A deadlock occurs when two transactions hold each other’s locks, causing them to be unable to continue running. Solving deadlock requires the introduction of a timeout mechanism, but the timeout mechanism has obvious performance drawbacks. At this time, people will introduce a deadlock detection mechanism to detect deadlocks as early as possible. The general implementation method is to build a dependency graph of the locks of all transactions, and then use graph algorithms to detect circular deadlock structures in order to quickly determine the occurrence of deadlocks.

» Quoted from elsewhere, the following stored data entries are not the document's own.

lemma inner_Lkron_self:
  assumes sym: "\<And>i j. a i j = a j i"
  shows "inner l (Lkron a l) = (\<Sum>i\<in>UNIV. \<Sum>j\<in>UNIV. a i j * (norm (l $ i - l $ j))\<^sup>2) / 2"
proof -
  define c where "c i j = inner (l $ i) (l $ j)" for i j
  have row: "inner l (Lkron a l) = (\<Sum>i\<in>UNIV. \<Sum>j\<in>UNIV. a i j * (c i i - c i j))"
    unfolding inner_Lkron c_def by (simp add: sum_laplacian_row)
  moreover have "\<dots> = (\<Sum>i\<in>UNIV. \<Sum>j\<in>UNIV. a i j * (c j j - c j i))"
    by (subst sum.swap) (simp add: sym)
  ultimately have "2 * inner l (Lkron a l) = (\<Sum>i\<in>UNIV. \<Sum>j\<in>UNIV. a i j * (c i i - c i j))
      + (\<Sum>i\<in>UNIV. \<Sum>j\<in>UNIV. a i j * (c j j - c j i))"
    by linarith
  also have "\<dots> = (\<Sum>i\<in>UNIV. \<Sum>j\<in>UNIV. a i j * (c i i + c j j - c i j - c j i))"
    by (simp add: sum.distrib[symmetric] algebra_simps)
  finally have "2 * inner l (Lkron a l) = \<dots>" .
  moreover have "(norm (l $ i - l $ j))\<^sup>2 = c i i + c j j - c i j - c j i" for i j
    by (simp add: c_def power2_norm_eq_inner inner_diff_left inner_diff_right)
  ultimately show ?thesis by simp
qed

lemma inner_Lkron_self_nonneg:
  assumes "\<And>i j. a i j = a j i" and "\<And>i j. a i j \<ge> 0"
  shows "inner l (Lkron a l) \<ge> 0"
  unfolding inner_Lkron_self[OF assms(1)]
  by (intro divide_nonneg_pos sum_nonneg mult_nonneg_nonneg assms(2)) auto

lemma inner_WbarT: "inner x (WbarT W blk \<mu>) = inner (Wbar W blk x) \<mu>"
proof -
  have Wbar: "Wbar W blk x $ i $ m = (\<Sum>k\<in>UNIV. if blk k = i then W$m$k * x$k else 0)" for i m
    by (simp add: Wbar_def blockp_def matrix_vector_mult_def if_distrib cong: if_cong)
  have "inner (Wbar W blk x) \<mu>
      = (\<Sum>i\<in>UNIV. \<Sum>m\<in>UNIV. \<Sum>k\<in>UNIV. if blk k = i then W$m$k * x$k * \<mu>$i$m else 0)"
    by (auto simp: inner_vec_def Wbar sum_distrib_right intro!: sum.cong)
  also have "\<dots> = (\<Sum>k\<in>UNIV. \<Sum>m\<in>UNIV. \<Sum>i\<in>UNIV. if blk k = i then W$m$k * x$k * \<mu>$i$m else 0)"
    by (subst sum.swap, subst (2) sum.swap, subst sum.swap) (rule refl)
  also have "\<dots> = inner x (WbarT W blk \<mu>)"
    by (simp add: WbarT_def inner_vec_def matrix_vector_mult_def transpose_def sum_distrib_left
        mult_ac)
  finally show ?thesis by simp
qed

lemma inner_closest_point_residual_nonpos:
  fixes S :: "'a::euclidean_space set"
  assumes "convex S" "closed S" "S \<noteq> {}"
  shows "inner (closest_point S x - closest_point S y)
           ((closest_point S x - x) - (closest_point S y - y)) \<le> 0"
proof -
  have "inner (x - closest_point S x) (closest_point S y - closest_point S x) \<le> 0"
       "inner (y - closest_point S y) (closest_point S x - closest_point S y) \<le> 0"
    using assms by (simp_all add: closest_point_dot closest_point_in_set)
  then show ?thesis
    by (simp add: inner_diff_left inner_diff_right inner_commute)
qed

lemma subdiff_monotone:
  assumes "g \<in> subdiff f D x" "h \<in> subdiff f D y" "x \<in> D" "y \<in> D"
  shows "inner (x - y) (g - h) \<ge> 0"
proof -
  have "f y \<ge> f x + inner g (y - x)" "f x \<ge> f y + inner h (x - y)"
    using assms by (auto simp: subdiff_def)
  then show ?thesis
    by (simp add: inner_diff_left inner_diff_right inner_commute)
qed

lemma clarke_gradI:
  fixes V :: "'a::euclidean_space \<Rightarrow> real" and P :: "'a \<Rightarrow> 'a"
  assumes cont: "continuous (at \<xi>) P"
    and slope: "\<And>\<eta> v t. t > 0 \<Longrightarrow> t * inner (P \<eta>) v \<le> V (\<eta> + t *\<^sub>R v) - V \<eta>"
  shows "P \<xi> \<in> clarke_grad V \<xi>"
  unfolding clarke_grad_def
proof (intro CollectI allI)
  fix v :: 'a
  define F where "F = at \<xi> \<times>\<^sub>F at_right (0::real)"
  have "F \<noteq> bot" by (simp add: F_def prod_filter_eq_bot)
  moreover have "(fst \<longlongrightarrow> \<xi>) F"
    using filterlim_fst[of "at \<xi>" "at_right (0::real)"] by (simp add: F_def filterlim_at)
  then have "((\<lambda>q. inner (P (fst q)) v) \<longlongrightarrow> inner (P \<xi>) v) F"
    using cont by (intro tendsto_intros) (simp add: isCont_tendsto_compose continuous_at)
  ultimately have "ereal (inner (P \<xi>) v) = Limsup F (\<lambda>q. ereal (inner (P (fst q)) v))"
    by (intro lim_imp_Limsup[symmetric]) auto
  also have "\<dots> \<le> Limsup F (\<lambda>(\<eta>, t). ereal ((V (\<eta> + t *\<^sub>R v) - V \<eta>) / t))"
  proof (rule Limsup_mono)
    have "eventually (\<lambda>q. snd q > 0) F"
      unfolding F_def eventually_prod_filter
      by (intro exI[of _ "\<lambda>_. True"] exI[of _ "\<lambda>t. t > 0"]) (auto simp: eventually_at_right_less)
    then show "\<forall>\<^sub>F q in F. ereal (inner (P (fst q)) v)
                 \<le> (\<lambda>(\<eta>, t). ereal ((V (\<eta> + t *\<^sub>R v) - V \<eta>) / t)) q"
      by eventually_elim (auto simp: pos_le_divide_eq mult.commute slope)
  qed
  finally show "ereal (inner (P \<xi>) v) \<le> clarke_dir V \<xi> v"
    by (simp add: clarke_dir_def F_def)
qed

lemma norm_add_scaleR_power2:
  "(norm (x + t *\<^sub>R b))\<^sup>2 = (norm x)\<^sup>2 + 2 * t * inner x b + t\<^sup>2 * (norm b)\<^sup>2"
  unfolding power2_norm_eq_inner
  by (simp add: inner_add_left inner_add_right inner_commute power2_eq_square algebra_simps)

lemma half_norm_power2_increment:
  "t * inner (x - c) v \<le> ((norm (x + t *\<^sub>R v - c))\<^sup>2 - (norm (x - c))\<^sup>2) / 2"
  using norm_add_scaleR_power2[of "x - c" t v] by (simp add: algebra_simps)

lemma closest_point_potential_increment:
  assumes "closed S" "S \<noteq> {}"
  shows "t * inner (closest_point S y - c) v
    \<le> ((norm (y + t *\<^sub>R v - c))\<^sup>2 - (norm (y + t *\<^sub>R v - closest_point S (y + t *\<^sub>R v)))\<^sup>2) / 2
     - ((norm (y - c))\<^sup>2 - (norm (y - closest_point S y))\<^sup>2) / 2"
    (is "_ \<le> ?rhs")
proof -
  define p where "p = closest_point S y"
  have "dist (y + t *\<^sub>R v) (closest_point S (y + t *\<^sub>R v)) \<le> dist (y + t *\<^sub>R v) p"
    using assms by (simp add: p_def closest_point_le closest_point_in_set)
  then have proj: "(norm (y + t *\<^sub>R v - closest_point S (y + t *\<^sub>R v)))\<^sup>2 \<le> (norm (y + t *\<^sub>R v - p))\<^sup>2"
    by (simp add: dist_norm power_mono)
  have expand: "(norm (y + t *\<^sub>R v - u))\<^sup>2
      = (norm (y - u))\<^sup>2 + 2 * t * inner (y - u) v + t\<^sup>2 * (norm v)\<^sup>2" for u
    using norm_add_scaleR_power2[of "y - u" t v] by (simp add: algebra_simps)
  have "t * inner (closest_point S y - c) v
      = ((norm (y + t *\<^sub>R v - c))\<^sup>2 - (norm (y + t *\<^sub>R v - p))\<^sup>2) / 2
        - ((norm (y - c))\<^sup>2 - (norm (y - closest_point S y))\<^sup>2) / 2"
    unfolding p_def[symmetric] expand by (simp add: inner_diff_left field_simps)
  also have "\<dots> \<le> ?rhs"
    by (intro diff_right_mono divide_right_mono diff_left_mono proj) simp
  finally show ?thesis .
qed

lemma Vfun_clarke_grad:
  fixes S :: "(real^'k::finite) set" and lams zs :: "real^'m::finite^'n::finite"
  assumes "convex S" "closed S" "S \<noteq> {}"
  shows "(closest_point S y - closest_point S ys, lam - lams, z - zs)
           \<in> clarke_grad (Vfun S ys lams zs) (y, lam, z)"
proof -
  define P where "P \<eta> = (closest_point S (fst \<eta>) - closest_point S ys,
                          fst (snd \<eta>) - lams, snd (snd \<eta>) - zs)"
    for \<eta> :: "(real^'k) \<times> (real^'m^'n) \<times> (real^'m^'n)"
  have "isCont (\<lambda>\<eta>. closest_point S (fst \<eta>)) \<eta>"
    for \<eta> :: "(real^'k) \<times> (real^'m^'n) \<times> (real^'m^'n)"
    using continuous_at_closest_point[OF assms]
    by (intro continuous_at_compose[of \<eta> fst "closest_point S", unfolded o_def] continuous_intros)
  then have "isCont P \<eta>" for \<eta>
    unfolding P_def by (intro continuous_intros)
  moreover have "t * inner (P \<eta>) v \<le> Vfun S ys lams zs (\<eta> + t *\<^sub>R v) - Vfun S ys lams zs \<eta>"
    for \<eta> v and t :: real
  proof -
    obtain y1 l1 z1 where "\<eta> = (y1, l1, z1)" by (cases \<eta>) auto
    moreover obtain vy vl vz where "v = (vy, vl, vz)" by (cases v) auto
    ultimately have "t * inner (P \<eta>) v = t * inner (closest_point S y1 - closest_point S ys) vy
        + t * inner (l1 - lams) vl + t * inner (z1 - zs) vz"
      by (simp add: P_def algebra_simps)
    moreover from \<open>\<eta> = _\<close> \<open>v = _\<close> have "Vfun S ys lams zs (\<eta> + t *\<^sub>R v) - Vfun S ys lams zs \<eta>
        = (((norm (y1 + t *\<^sub>R vy - closest_point S ys))\<^sup>2
             - (norm (y1 + t *\<^sub>R vy - closest_point S (y1 + t *\<^sub>R vy)))\<^sup>2) / 2
           - ((norm (y1 - closest_point S ys))\<^sup>2 - (norm (y1 - closest_point S y1))\<^sup>2) / 2)
        + ((norm (l1 + t *\<^sub>R vl - lams))\<^sup>2 - (norm (l1 - lams))\<^sup>2) / 2
        + ((norm (z1 + t *\<^sub>R vz - zs))\<^sup>2 - (norm (z1 - zs))\<^sup>2) / 2"
      by (simp add: Vfun_def field_simps)
    ultimately show ?thesis
      using closest_point_potential_increment[OF assms(2,3), of t y1 "closest_point S ys" vy]
        half_norm_power2_increment[of t l1 lams vl] half_norm_power2_increment[of t z1 zs vz]
      by linarith
  qed
  ultimately show ?thesis
    using clarke_gradI[of "(y, lam, z)" P] by (simp add: P_def)
qed

lemma blockp_linear: "linear (blockp blk i)"
  by (auto simp: linear_iff blockp_def vec_eq_iff algebra_simps)

lemma prod_set_eq_INT: "prod_set blk Om = (\<Inter>i. blockp blk i -` Om i)"
  by (auto simp: prod_set_def)

lemma closed_prod_set:
  assumes "\<And>i. closed (Om i)"
  shows "closed (prod_set blk Om)"
  unfolding prod_set_eq_INT
  by (intro closed_INT ballI continuous_closed_vimage linear_continuous_at assms)
     (simp add: blockp_linear linear_conv_bounded_linear[symmetric])

lemma convex_prod_set:
  assumes "\<And>i. convex (Om i)"
  shows "convex (prod_set blk Om)"
  unfolding prod_set_eq_INT by (intro convex_INT ballI convex_linear_vimage blockp_linear assms)

lemma Fmap_equilibrium:
  assumes "0 \<in> Fmap a blk W d S f D (ys, lams, zs)"
  obtains gs where "gs \<in> subdiff f D (closest_point S ys)"
    and "gs = closest_point S ys - ys + WbarT W blk lams"
    and "d = Wbar W blk (closest_point S ys) + Lkron a lams + Lkron a zs"
    and "Lkron a lams = 0"
proof -
  from assms obtain gs where "gs \<in> subdiff f D (closest_point S ys)"
    and "0 = (- ys + closest_point S ys - gs + WbarT W blk lams,
              d - Wbar W blk (closest_point S ys) - Lkron a lams - Lkron a zs, Lkron a lams)"
    by (auto simp: Fmap_def Let_def)
  then show thesis
    by (intro that[of gs]) (auto simp: zero_prod_def algebra_simps)
qed

lemma set_lie_deriv_Vfun:
  assumes "convex S" "closed S" "S \<noteq> {}"
    and "r \<in> set_lie_deriv (Fmap a blk W d S f D) (Vfun S ys lams zs) (y, lam, z)"
  obtains g where "g \<in> subdiff f D (closest_point S y)"
    and "r = inner (closest_point S y - closest_point S ys, lam - lams, z - zs)
                (- y + closest_point S y - g + WbarT W blk lam,
                 d - Wbar W blk (closest_point S y) - Lkron a lam - Lkron a z, Lkron a lam)"
proof -
  from assms(4) obtain v where v: "v \<in> Fmap a blk W d S f D (y, lam, z)"
    and r: "\<forall>p\<in>clarke_grad (Vfun S ys lams zs) (y, lam, z). inner p v = r"
    by (auto simp: set_lie_deriv_def)
  from v obtain g where "g \<in> subdiff f D (closest_point S y)"
    and "v = (- y + closest_point S y - g + WbarT W blk lam,
              d - Wbar W blk (closest_point S y) - Lkron a lam - Lkron a z, Lkron a lam)"
    by (auto simp: Fmap_def Let_def)
  with r Vfun_clarke_grad[OF assms(1-3), of y ys lam lams z zs] show thesis
    by (intro that[of g]) auto
qed

lemma saddle_flow_dissipation_eq:
  assumes sym: "\<And>i j. a i j = a j i"
    and gs: "gs = xs - ys + WbarT W blk lams"
    and d: "d = Wbar W blk xs + Lkron a lams + Lkron a zs"
    and equil: "Lkron a lams = 0"
  shows "inner (x - xs, lam - lams, z - zs)
           (- y + x - g + WbarT W blk lam, d - Wbar W blk x - Lkron a lam - Lkron a z, Lkron a lam)
       = inner (x - xs) ((x - y) - (xs - ys)) - inner (x - xs) (g - gs) - inner lam (Lkron a lam)"
proof -
  have "inner u (Lkron a lams) = 0" "inner lams (Lkron a u) = 0" for u
    using equil inner_Lkron_commute[OF sym, where \<mu> = lams and \<nu> = u] by simp_all
  moreover have "inner z (Lkron a lam) = inner lam (Lkron a z)"
    "inner zs (Lkron a lam) = inner lam (Lkron a zs)"
    by (simp_all add: inner_Lkron_commute[OF sym])
  ultimately show ?thesis
    by (simp add: gs d inner_add_left inner_add_right inner_diff_left inner_diff_right
        inner_WbarT[of x] inner_WbarT[of xs] inner_commute[of _ "Wbar W blk _"])
qed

The opposite concept of locks is “latch”. Generally, it is said that latches are lightweight, while locks are heavyweight. This is reflected in two aspects.

First, it refers to the objects they handle. Latches are generally used in small-grained data, such as data blocks, index tree nodes, etc. Locks generally act on large-grained operations, such as locking multiple rows of data, transactions, and modifying storage structures.

Second, their implementations are different. Latches are generally implemented using CAS instructions, which are lock-free instructions based on compare-and-set. If the original value changes, the above operations will be performed again, and this process is called spinning. Locks, on the other hand, use dedicated resources and have lock managers to control them. As you can imagine, scheduling locks is a time-consuming and complex process.

This leads to the difference between the isolation levels “Serializable” and “Read Committed” mentioned earlier. “Serializable” requires heavyweight locks to ensure the consistency of a set of data read repeatedly, which is very costly. “Read Committed” only needs to ensure the consistency of reading a single row of data, which can be achieved using lightweight latches. Therefore, it is very reasonable for isolation levels to classify them into two types, because in terms of principles, they are completely different.

Above is the relevant content about locking-based control.

Summary #

That’s all for this lecture. Transactions are the longest topic in our course so far, and it took two lectures to explain in detail. The topic of transactions has always been popular in the field of databases. I started from the perspective of transaction principles and explained the technical means required for ACID and different isolation levels. These contents lay a solid foundation for the study of distributed transactions. At the same time, you can consider this column as a reference material and consult it at any time.

From the essence, a transaction is a concept oriented towards users. It provides a contract to users in order to enable reliable use of databases to store and share data, which is the core function of databases. Many applications are based on this function, which is also the fundamental reason why distributed databases need to implement transactions under distributed conditions.